During a trip to Turkey at the age of 15, Bernd Erbel met a group of diplomats and learned about the job, the conditions and duties of diplomats. From this age, Erbel was thinking about his diplomatic career and finally chose this profession.

== Education ==
Erbel went to school in Karlsruhe and then studied in Munich. When he was a teenager, visited some Arab countries, first of all, Egypt, where he learned the Arabic language.
After that, He studied Orientalism, which was his favorite field. Then he became a diplomat who knew law and worked in legal and consular affairs.

==Career==
In 1977 Erbel worked at the German embassy in Beirut, Lebanon, followed by a career in Sanaa, Riyadh, and Cairo. From July 2004 until August 2006 he was the German ambassador in Iraq.

In 2013 Erbel retired and now resides in Germany.

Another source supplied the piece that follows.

(* Let $\mathbb{G}$ be a topological map embedded in a closed orientable surface of genus $g\ge0$ and let $\ell$ be a tame loop of $\mathbb{G}$. Let $\mathfrak{m}_\ell$ be the real vector space spanned by the Makeenko--Migdal vectors $\mu_v$, $v\in V_\ell$, and the 2-forms $d\omega_e$, $e\notin E_\ell$. Then $$\mathfrak{m}_\ell=\begin{cases}\{\alpha\in\Omega^2(\mathbb{G},\mathbb{R}):\langle\alpha,\mu_*\rangle=0\} & \text{if }[\ell]_\mathbb{R}\neq0,\\ \{\alpha\in\Omega^2(\mathbb{G},\mathbb{R}):\langle\alpha,\mu_*\rangle=\langle\alpha,n_\ell\rangle=0\} & \text{if }[\ell]_\mathbb{R}=0.\end{cases}$$
   Context: A map $\mathbb{G}=(V,E,F)$ is a graph embedded in the surface with all faces homeomorphic to discs; every edge $e$ comes with its reverse $e^{-1}$, and $E_+$ (resp. $F_+$) is a choice of one orientation per edge (resp. the positively oriented faces). $\Omega^0,\Omega^1,\Omega^2$ are the real-valued functions on $V$, on $E$ with $\omega(e^{-1})=-\omega(e)$, and on $F$ with $\mu(f^{-1})=-\mu(f)$; they carry the inner products making $(f_v)_{v\in V}$, $(\omega_e)_{e\in E_+}$, $(\mu_f)_{f\in F_+}$ orthonormal, where $f_v,\omega_e,\mu_f$ are the indicator forms ($\omega_{e^{-1}}=-\omega_e$). $d\omega(f)=\sum_{e\in\partial f}\omega(e)$ (sum over the edges of the boundary loop of $f$), $df(e)=f(\overline e)-f(\underline e)$, and $d^*$ is the adjoint of $d$. $\mu_*$ is the 2-form equal to $1$ on every $f\in F_+$. For a path $\ell=e_1\cdots e_n$, $\omega_\ell=\sum_i\omega_{e_i}$. The homology class $[\ell]_\mathbb{R}$ is the class of $\omega_\ell$ in $\ker(d^*:\Omega^1\to\Omega^0)/d^*(\Omega^2)$. If $[\ell]_\mathbb{R}=0$, the winding function $n_\ell\in\Omega^2$ is the unique 2-form with $d^*n_\ell=\omega_\ell$ and $\langle n_\ell,\mu_*\rangle=0$. A tame loop uses each unoriented edge at most once and each vertex at most twice, and at each vertex $v$ visited twice, labelling the four outgoing edges at $v$ used by $\ell$ (up to orientation) as $e_1,e_2,e_3,e_4$ in counterclockwise cyclic order, $\ell$ is cyclically equivalent to a loop of the form $\alpha e_1^{-1}e_3\beta e_2^{-1}e_4\gamma$; $V_\ell$ is the set of such vertices, and the Makeenko--Migdal vector at $v$ is $\mu_v=d\omega_{e_1}+d\omega_{e_3}=-d\omega_{e_2}-d\omega_{e_4}$. $E_\ell$ is the set of edges $e$ such that $\ell$ runs through $e$ or $e^{-1}$. *)

theory Defs
  imports Complex_Main
begin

In 2019 Erbel was appointed to the Instrument in Support of Trade Exchanges (INSTEX). Shortly after, Erbel stated that he would not be available for personal reasons to head the organization. His decision followed a report in German tabloid Bild drew attention to a YouTube interview in which he voiced criticism of Israel and its role in the Middle East and showed understanding for Iran's ambitions to develop a ballistic missile program.

==Resign from INSTEX==
In August 2019, he was forced to resign after criticizing Israel. Erbel said during Jebsen's YouTube channel interview that "the Palestinians are the victims of our victims" and "there would be no Palestine problem if the Jewish state was founded in East Prussia".

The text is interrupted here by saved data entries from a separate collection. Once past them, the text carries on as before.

text \<open>The partial
operations are modelled by total functions whose values are only constrained
(and only ever used) inside their domain of definition. Unordered pairs {i,i'}
are represented as sets of labels; gam p s stands for gamma_{i,i'}(s) with p = {i,i'}.\<close>

definition system_algebra ::
  "('s \<Rightarrow> 'l set) \<Rightarrow> ('s \<Rightarrow> 's \<Rightarrow> 's) \<Rightarrow> ('s \<Rightarrow> 'l set set) \<Rightarrow> ('l set \<Rightarrow> 's \<Rightarrow> 's) \<Rightarrow> bool"
where
  "system_algebra lam par Gam gam \<longleftrightarrow>
     (\<forall>s. finite (lam s)) \<and>
     (\<forall>s. \<forall>p\<in>Gam s. \<exists>i i'. p = {i, i'} \<and> i \<in> lam s \<and> i' \<in> lam s) \<and>
     (\<forall>s1 s2. lam s1 \<inter> lam s2 = {} \<longrightarrow>
        lam (par s1 s2) = lam s1 \<union> lam s2 \<and>
        (\<forall>i i'. (i \<in> lam s1 \<and> i' \<in> lam s1 \<longrightarrow> ({i, i'} \<in> Gam (par s1 s2) \<longleftrightarrow> {i, i'} \<in> Gam s1)) \<and>
                (i \<in> lam s2 \<and> i' \<in> lam s2 \<longrightarrow> ({i, i'} \<in> Gam (par s1 s2) \<longleftrightarrow> {i, i'} \<in> Gam s2)))) \<and>
     (\<forall>s p. p \<in> Gam s \<longrightarrow> lam (gam p s) = lam s - p)"

definition permits_reordering ::
  "('s \<Rightarrow> 'l set set) \<Rightarrow> ('l set \<Rightarrow> 's \<Rightarrow> 's) \<Rightarrow> bool"
where
  "permits_reordering Gam gam \<longleftrightarrow>
     (\<forall>s p q. p \<in> Gam s \<and> q \<in> Gam (gam p s) \<longrightarrow> q \<in> Gam s \<and> p \<in> Gam (gam q s))"

definition connection_order_invariant ::
  "('s \<Rightarrow> 'l set) \<Rightarrow> ('s \<Rightarrow> 's \<Rightarrow> 's) \<Rightarrow> ('s \<Rightarrow> 'l set set) \<Rightarrow> ('l set \<Rightarrow> 's \<Rightarrow> 's) \<Rightarrow> bool"
where
  "connection_order_invariant lam par Gam gam \<longleftrightarrow>
     system_algebra lam par Gam gam \<and> permits_reordering Gam gam \<and>
     (\<forall>s p q. p \<in> Gam s \<and> q \<in> Gam (gam p s) \<longrightarrow> gam q (gam p s) = gam p (gam q s))"

text \<open>Associativity/commutativity of the partial operation par: equalities required
whenever (both sides are) defined, i.e. for pairwise disjoint label sets.\<close>

definition composition_order_invariant ::
  "('s \<Rightarrow> 'l set) \<Rightarrow> ('s \<Rightarrow> 's \<Rightarrow> 's) \<Rightarrow> ('s \<Rightarrow> 'l set set) \<Rightarrow> ('l set \<Rightarrow> 's \<Rightarrow> 's) \<Rightarrow> bool"
where
  "composition_order_invariant lam par Gam gam \<longleftrightarrow>
     connection_order_invariant lam par Gam gam \<and>
     (\<forall>a b c. lam a \<inter> lam b = {} \<and> lam a \<inter> lam c = {} \<and> lam b \<inter> lam c = {} \<longrightarrow>
        par (par a b) c = par a (par b c)) \<and>
     (\<forall>a b. lam a \<inter> lam b = {} \<longrightarrow> par a b = par b a) \<and>
     (\<forall>s1 s2 p. lam s1 \<inter> lam s2 = {} \<and> p \<in> Gam s1 \<longrightarrow>
        par (gam p s1) s2 = gam p (par s1 s2))"
lemma integral_polynomial_sq_le:
  fixes a :: "nat \<Rightarrow> 'v \<Rightarrow> real" and c :: "'v \<Rightarrow> real"
  assumes \<mu>: "finite_borel_on \<mu> r" and \<nu>: "finite_borel_on \<nu> r" and T: "finite T"
    and \<nu>_moments: "\<And>i j. i \<le> n \<Longrightarrow> j \<le> n \<Longrightarrow> (\<integral>t. t ^ (i + j) \<partial>\<nu>) = (\<Sum>w\<in>T. a i w * a j w)"
    and \<mu>_moments: "\<And>i. i \<le> n \<Longrightarrow> (\<integral>t. t ^ i \<partial>\<mu>) = (\<Sum>w\<in>T. a i w * c w)"
  shows "(\<integral>t. (\<Sum>i\<le>n. b i * t ^ i) \<partial>\<mu>)\<^sup>2
           \<le> (\<Sum>w\<in>T. (c w)\<^sup>2) * (\<integral>t. (\<Sum>i\<le>n. b i * t ^ i)\<^sup>2 \<partial>\<nu>)"
proof -
  define q where "q w = (\<Sum>i\<le>n. b i * a i w)" for w
  have "(\<integral>t. (\<Sum>i\<le>n. b i * t ^ i) \<partial>\<mu>) = (\<Sum>i\<le>n. b i * (\<Sum>w\<in>T. a i w * c w))"
    by (subst Bochner_Integration.integral_sum)
       (auto intro: integrable_power_finite_borel_on[OF \<mu>] simp: \<mu>_moments)
  also have "\<dots> = (\<Sum>w\<in>T. q w * c w)"
    by (simp add: q_def sum_distrib_left sum_distrib_right mult.assoc sum.swap[of _ T])
  finally have \<mu>_poly: "(\<integral>t. (\<Sum>i\<le>n. b i * t ^ i) \<partial>\<mu>) = (\<Sum>w\<in>T. q w * c w)" .
  have square: "(\<Sum>i\<le>n. b i * t ^ i)\<^sup>2 = (\<Sum>i\<le>n. \<Sum>j\<le>n. b i * b j * t ^ (i + j))" for t :: real
    by (simp add: power2_eq_square sum_product power_add algebra_simps)
  have "(\<integral>t. (\<Sum>i\<le>n. b i * t ^ i)\<^sup>2 \<partial>\<nu>) = (\<Sum>i\<le>n. \<Sum>j\<le>n. b i * b j * (\<Sum>w\<in>T. a i w * a j w))"
    unfolding square
    by (subst Bochner_Integration.integral_sum,
        auto intro!: Bochner_Integration.integrable_sum integrable_power_finite_borel_on[OF \<nu>])
       (subst Bochner_Integration.integral_sum,
        auto intro!: integrable_power_finite_borel_on[OF \<nu>] simp: \<nu>_moments)
  also have "\<dots> = (\<Sum>w\<in>T. (q w)\<^sup>2)"
    by (simp add: q_def power2_eq_square sum_product sum_distrib_left sum.swap[of _ T] algebra_simps)
  finally have \<nu>_poly: "(\<integral>t. (\<Sum>i\<le>n. b i * t ^ i)\<^sup>2 \<partial>\<nu>) = (\<Sum>w\<in>T. (q w)\<^sup>2)" .
  have "(\<Sum>w\<in>T. q w * c w)\<^sup>2 \<le> (\<Sum>w\<in>T. (q w)\<^sup>2) * (\<Sum>w\<in>T. (c w)\<^sup>2)"
    by (rule Cauchy_Schwarz_ineq_sum)
  then show ?thesis by (simp add: \<mu>_poly \<nu>_poly mult.commute)
qed
lemma Quvx_eq_diag_centralizer:
  assumes P: "subgroup P G" and u: "u \<in> P" and v: "v \<in> P" and x: "x \<in> carrier G"
  shows "Quvx G P u v x = {(e, e) | e. e \<in> P \<and> e \<otimes> (u \<otimes> x \<otimes> inv v) = (u \<otimes> x \<otimes> inv v) \<otimes> e}"
    (is "_ = {(e, e) | e. e \<in> P \<and> e \<otimes> ?y = ?y \<otimes> e}")
proof -
  have PG: "\<And>e. e \<in> P \<Longrightarrow> e \<in> carrier G" by (rule subgroup.mem_carrier [OF P])
  have uG: "u \<in> carrier G" and vG: "v \<in> carrier G" and yG: "?y \<in> carrier G"
    using u v x PG by auto
  have conj_rep: "inv ?y \<otimes> (u \<otimes> c \<otimes> inv u) \<otimes> ?y = v \<otimes> (inv x \<otimes> c \<otimes> x) \<otimes> inv v"
    if "c \<in> carrier G" for c using uG x vG that by (simp add: inv_mult_group m_assoc)
  show ?thesis
  proof (intro Set.set_eqI iffI)
    fix q assume "q \<in> Quvx G P u v x"
    then obtain e c where q: "q = (e, e)" "e \<in> P" and c: "c \<in> P"
      and e: "e = u \<otimes> c \<otimes> inv u" "e = v \<otimes> (inv x \<otimes> c \<otimes> x) \<otimes> inv v"
      unfolding Quvx_def Qx_def Delta_def by blast
    have "inv ?y \<otimes> e \<otimes> ?y = v \<otimes> (inv x \<otimes> c \<otimes> x) \<otimes> inv v"
      unfolding e(1) by (rule conj_rep [OF PG [OF c]])
    also have "\<dots> = e" by (rule e(2) [symmetric])
    finally have "inv ?y \<otimes> e \<otimes> ?y = e" .
    then show "q \<in> {(e, e) | e. e \<in> P \<and> e \<otimes> ?y = ?y \<otimes> e}"
      using q conj_fixed_iff_commute [OF PG [OF q(2)] yG] by blast
  next
    fix q assume "q \<in> {(e, e) | e. e \<in> P \<and> e \<otimes> ?y = ?y \<otimes> e}"
    then obtain e where q: "q = (e, e)" "e \<in> P" and comm: "e \<otimes> ?y = ?y \<otimes> e" by blast
    have fixed: "inv ?y \<otimes> e \<otimes> ?y = e"
      using conj_fixed_iff_commute [OF PG [OF q(2)] yG] comm by simp
    define c where "c = inv u \<otimes> e \<otimes> u"
    have cG: "c \<in> carrier G" and eG: "e \<in> carrier G" unfolding c_def using PG q uG by auto
    have e_c: "e = u \<otimes> c \<otimes> inv u" unfolding c_def using uG eG by (simp add: m_assoc)
    have "v \<otimes> (inv x \<otimes> c \<otimes> x) \<otimes> inv v = inv ?y \<otimes> e \<otimes> ?y"
      unfolding e_c by (rule conj_rep [OF cG, symmetric])
    with fixed have e_cx: "e = v \<otimes> (inv x \<otimes> c \<otimes> x) \<otimes> inv v" by simp
    have "inv x \<otimes> c \<otimes> x = inv v \<otimes> (v \<otimes> (inv x \<otimes> c \<otimes> x) \<otimes> inv v) \<otimes> v"
      using vG x cG by (simp add: m_assoc)
    also have "\<dots> = inv v \<otimes> e \<otimes> v" by (simp only: e_cx)
    finally have c_x: "inv x \<otimes> c \<otimes> x = inv v \<otimes> e \<otimes> v" .
    have "c \<in> P"
      unfolding c_def using P u q by (simp add: subgroup.m_closed subgroup.m_inv_closed)
    moreover have "inv x \<otimes> c \<otimes> x \<in> P"
      unfolding c_x using P v q by (simp add: subgroup.m_closed subgroup.m_inv_closed)
    ultimately show "q \<in> Quvx G P u v x"
      unfolding Quvx_def Qx_def Delta_def using q e_c e_cx by blast
  qed
qed

lemma Quvx_subgroup:
  assumes "subgroup P G" "u \<in> P" "v \<in> P" "x \<in> carrier G"
  shows "subgroup (Quvx G P u v x) (G \<times>\<times> G)"
  unfolding Quvx_eq_diag_centralizer [OF assms]
  using assms by (intro diag_centralizer_subgroup) (auto intro: subgroup.mem_carrier)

== His opinion about Middle East ==
He has spent twenty-five years of his working life in the Middle East. According to him, despite many similarities and commonalities, he has witnessed many differences between the countries of the Middle East region. When he moved from Lebanon to Yemen and then went to Egypt and Saudi Arabia, the differences were so great for him that he could not imagine that these countries were in a geographical area.

In his view, many Germans think Iran is like the Arab countries, but it is not, and there are many differences between them. in fact, as there are many differences in the Christian world, this is also the case in the Muslim world.

Since he was the former German ambassador to Iran, he knows Tehran as the "most comfortable and most safer" place for Jews to live in the world.